= Anonymous pilgrim of Piacenza =

Unidentified Christian pilgrim

The anonymous pilgrim of Piacenza, sometimes simply called the Piacenza Pilgrim, was a sixth-century Christian pilgrim from Piacenza in northern Italy who travelled to the Holy Land at the height of Byzantine rule in the 570s and wrote a narrative - an itinerarium
- of his pilgrimage.

==Misidentification as Antoninus of Piacenza==
This anonymous pilgrim was erroneously identified as Antoninus of Piacenza or Antoninus Martyr out of confusion with Saint Antoninus of Piacenza, who died in 303 and is venerated as a martyr.

==Pilgrimage==

The pilgrim travelled from Piacenza via Constantinople and Cyprus to Tripolis. From there, he travelled south via Beirut and Tyrus before turning towards Galilea where he visited Nazareth and Capernaum before going through Samaria towards the Jordan River where he visited at Epiphany the alleged site where Jesus was baptised. He then proceeded towards Jerusalem, where his descriptions of the chalice of onyx that was venerated in the Church of the Holy Sepulchre and of the Holy Lance in the Basilica of Mount Zion are early attestations of the cultus of these two relics. He then travelled towards the coast and passed through Gaza, where he mentioned the tomb of Hilarion and took then the road towards the Mount Sinai.

The pilgrim also brought back many objects he had collected from the holy places, a feature typical of visiting pilgrims.

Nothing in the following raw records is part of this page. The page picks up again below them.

definition nbrs :: "nat \<Rightarrow> (nat \<Rightarrow> nat \<Rightarrow> bool) \<Rightarrow> nat \<Rightarrow> nat set" where
  "nbrs n E u = {w. w < n \<and> E u w}"

definition laplacian :: "nat \<Rightarrow> (nat \<Rightarrow> nat \<Rightarrow> bool) \<Rightarrow> real mat" where
  "laplacian n E = mat n n (\<lambda>(i, j).
      (if i = j then real (card (nbrs n E i)) else 0) - (if E i j then 1 else 0))"

definition eigenvalues_mset :: "real mat \<Rightarrow> complex multiset" where
  "eigenvalues_mset A = proots (map_poly complex_of_real (char_poly A))"

definition laplacian_cospectral ::
  "nat \<Rightarrow> (nat \<Rightarrow> nat \<Rightarrow> bool) \<Rightarrow> nat \<Rightarrow> (nat \<Rightarrow> nat \<Rightarrow> bool) \<Rightarrow> bool" where
  "laplacian_cospectral n1 E1 n2 E2 \<longleftrightarrow>
     eigenvalues_mset (laplacian n1 E1) = eigenvalues_mset (laplacian n2 E2)"

definition complete_graph_adj :: "nat \<Rightarrow> nat \<Rightarrow> nat \<Rightarrow> bool" where
  "complete_graph_adj r u v \<longleftrightarrow> u < r \<and> v < r \<and> u \<noteq> v"

text \<open>Join of (n1,E1) and (n2,E2): vertex set {0..<n1+n2}, second graph shifted by n1.
  The vertex count of the join is n1 + n2.\<close>
definition join_adj ::
  "nat \<Rightarrow> (nat \<Rightarrow> nat \<Rightarrow> bool) \<Rightarrow> nat \<Rightarrow> (nat \<Rightarrow> nat \<Rightarrow> bool) \<Rightarrow> nat \<Rightarrow> nat \<Rightarrow> bool" where
  "join_adj n1 E1 n2 E2 u v \<longleftrightarrow>
     (u < n1 \<and> v < n1 \<and> E1 u v) \<or>
     (n1 \<le> u \<and> n1 \<le> v \<and> u < n1 + n2 \<and> v < n1 + n2 \<and> E2 (u - n1) (v - n1)) \<or>
     (u < n1 \<and> n1 \<le> v \<and> v < n1 + n2) \<or>
     (v < n1 \<and> n1 \<le> u \<and> u < n1 + n2)"

inductive_set zf_closure :: "nat \<Rightarrow> (nat \<Rightarrow> nat \<Rightarrow> bool) \<Rightarrow> nat set \<Rightarrow> nat set"
  for n E S where
  init: "v \<in> S \<Longrightarrow> v < n \<Longrightarrow> v \<in> zf_closure n E S"
| force: "u \<in> zf_closure n E S \<Longrightarrow> w \<in> nbrs n E u \<Longrightarrow>
          (\<forall>x \<in> nbrs n E u. x \<noteq> w \<longrightarrow> x \<in> zf_closure n E S) \<Longrightarrow> w \<in> zf_closure n E S"

inductive_set szf_closure :: "nat \<Rightarrow> (nat \<Rightarrow> nat \<Rightarrow> bool) \<Rightarrow> nat set \<Rightarrow> nat set"
  for n E S where
  init: "v \<in> S \<Longrightarrow> v < n \<Longrightarrow> v \<in> szf_closure n E S"
| force: "u < n \<Longrightarrow> w \<in> nbrs n E u \<Longrightarrow>
          (\<forall>x \<in> nbrs n E u. x \<noteq> w \<longrightarrow> x \<in> szf_closure n E S) \<Longrightarrow> w \<in> szf_closure n E S"

definition zero_forcing_number :: "nat \<Rightarrow> (nat \<Rightarrow> nat \<Rightarrow> bool) \<Rightarrow> nat" where
  "zero_forcing_number n E =
     (LEAST k. \<exists>S. S \<subseteq> {..<n} \<and> card S = k \<and> zf_closure n E S = {..<n})"

definition skew_zero_forcing_number :: "nat \<Rightarrow> (nat \<Rightarrow> nat \<Rightarrow> bool) \<Rightarrow> nat" where
  "skew_zero_forcing_number n E =
     (LEAST k. \<exists>S. S \<subseteq> {..<n} \<and> card S = k \<and> szf_closure n E S = {..<n})"

end

theory Submission
  imports Defs
begin
lemma projective_chart:
  obtains r w n where "r > 0"
    "\<And>s. s \<in> ball \<sigma> r \<Longrightarrow> Z s \<bullet> w > 0 \<and> twice_differentiable_at (\<lambda>s. (Z s \<bullet> n) / (Z s \<bullet> w)) s
            \<and> deriv (\<lambda>s. (Z s \<bullet> n) / (Z s \<bullet> w)) s > 0"
proof -
  define w where "w = Z \<sigma>"
  obtain n where n: "w \<bullet> n = 0" "Z' \<sigma> \<bullet> n > 0"
    using exists_normal_positive[OF Z_nonzero Z'_not_parallel] unfolding w_def by blast
  define \<phi> where "\<phi> s = (Z s \<bullet> n) / (Z s \<bullet> w)" for s
  have "isCont (\<lambda>s. Z s \<bullet> w) \<sigma>"
    using has_vector_derivative_continuous[OF Z_derivatives(1)] by (intro continuous_intros)
  then obtain r1 where r1: "r1 > 0" "\<And>s. s \<in> ball \<sigma> r1 \<Longrightarrow> Z s \<bullet> w > 0"
    using isCont_pos_ball[where f = "\<lambda>s. Z s \<bullet> w" and x = \<sigma>] Z_nonzero[of \<sigma>] unfolding w_def by auto
  have \<phi>_C2: "twice_differentiable_at \<phi> s" if "s \<in> ball \<sigma> r1" for s
    unfolding \<phi>_def[abs_def]
    by (rule inner_quotient_twice_differentiable[OF open_ball that, where u' = Z' and v' = Z'])
       (use Z_derivatives in \<open>auto intro: differentiableI_vector\<close>, use r1(2) in force)
  have "DERIV \<phi> \<sigma> :> ((Z' \<sigma> \<bullet> n) * (w \<bullet> w) - (w \<bullet> n) * (Z' \<sigma> \<bullet> w)) / ((w \<bullet> w) * (w \<bullet> w))"
    unfolding \<phi>_def[abs_def] w_def
    by (rule DERIV_inner_quotient[OF Z_derivatives(1) Z_derivatives(1)]) (simp add: Z_nonzero)
  then have "deriv \<phi> \<sigma> > 0"
    using n Z_nonzero[of \<sigma>] by (simp add: DERIV_imp_deriv w_def)
  moreover have "isCont (deriv \<phi>) \<sigma>"
    using \<phi>_C2[of \<sigma>] r1(1) by (auto intro: DERIV_isCont)
  ultimately obtain r2 where r2: "r2 > 0" "\<And>s. s \<in> ball \<sigma> r2 \<Longrightarrow> deriv \<phi> s > 0"
    using isCont_pos_ball by blast
  show thesis
    by (rule that[of "min r1 r2" w n]) (use r1 r2 \<phi>_C2 in \<open>auto simp: \<phi>_def[abs_def]\<close>)
qed
theorem proposition5p5:
  fixes n :: nat
  assumes "n \<ge> 1"
  shows "herm_rho (cart_pow K4' n) = 3 * real n \<and> lambda1 (cart_pow K4' n) = real n"
proof -
  let ?S = "herm_spectrum (cart_pow K4' n)"
  have fin: "finite ?S"
    using herm_spectrum_K4'_pow by (rule finite_subset) simp
  have bounds: "Re \<mu> \<le> real n \<and> cmod \<mu> \<le> 3 * real n" if "\<mu> \<in> ?S" for \<mu>
  proof -
    obtain k where "k \<le> n" and \<mu>: "\<mu> = of_int (int n - 4 * int k)"
      using subsetD[OF herm_spectrum_K4'_pow \<open>\<mu> \<in> ?S\<close>] by auto
    then show ?thesis
      unfolding \<mu> norm_of_int by simp
  qed
  have n_in: "of_nat n * 1 \<in> ?S" and m_in: "of_nat n * (-3) \<in> ?S"
    unfolding herm_spectrum_def mem_Collect_eq by (rule herm_eigenvalue_K4'_pow; simp)+
  have "real n \<in> Re ` ?S"
    using image_eqI[OF _ n_in, of "real n" Re] by simp
  moreover have "3 * real n \<in> cmod ` ?S"
    using image_eqI[OF _ m_in, of "3 * real n" cmod] by (simp add: norm_mult)
  ultimately show ?thesis
    unfolding herm_rho_def lambda1_def using fin bounds by (intro conjI Max_eqI) auto
qed

end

However, the pilgrim seems to have been very enthusiastic about them. These objects included medicinal herbs, earth, oil from the Church of the Holy Sepulchre, and stones.

The pilgrim's itinerary documents the extent of the sixth-century trade catering to the pious pilgrims in the Holy Land: "We went to Cana, where our Lord was present at the marriage feast," the Piacenza Pilgrim reports, "and we reclined on the very couch." Inspired by such a vivid figuration of Biblical truth, Antoninus indulged the classic tourists' act: "and there, unworthy as I was, I wrote the names of my parents". A block of marble found at Elateia, inscribed in Byzantine Greek, "This stone is from Cana in Galilee, where Our Lord Jesus Christ turned the water into wine" and the further inscription, "Antoninus", was identified with the Piacenzan when the block was moved to the Little Metropolis near the Metropolitan Cathedral of Athens.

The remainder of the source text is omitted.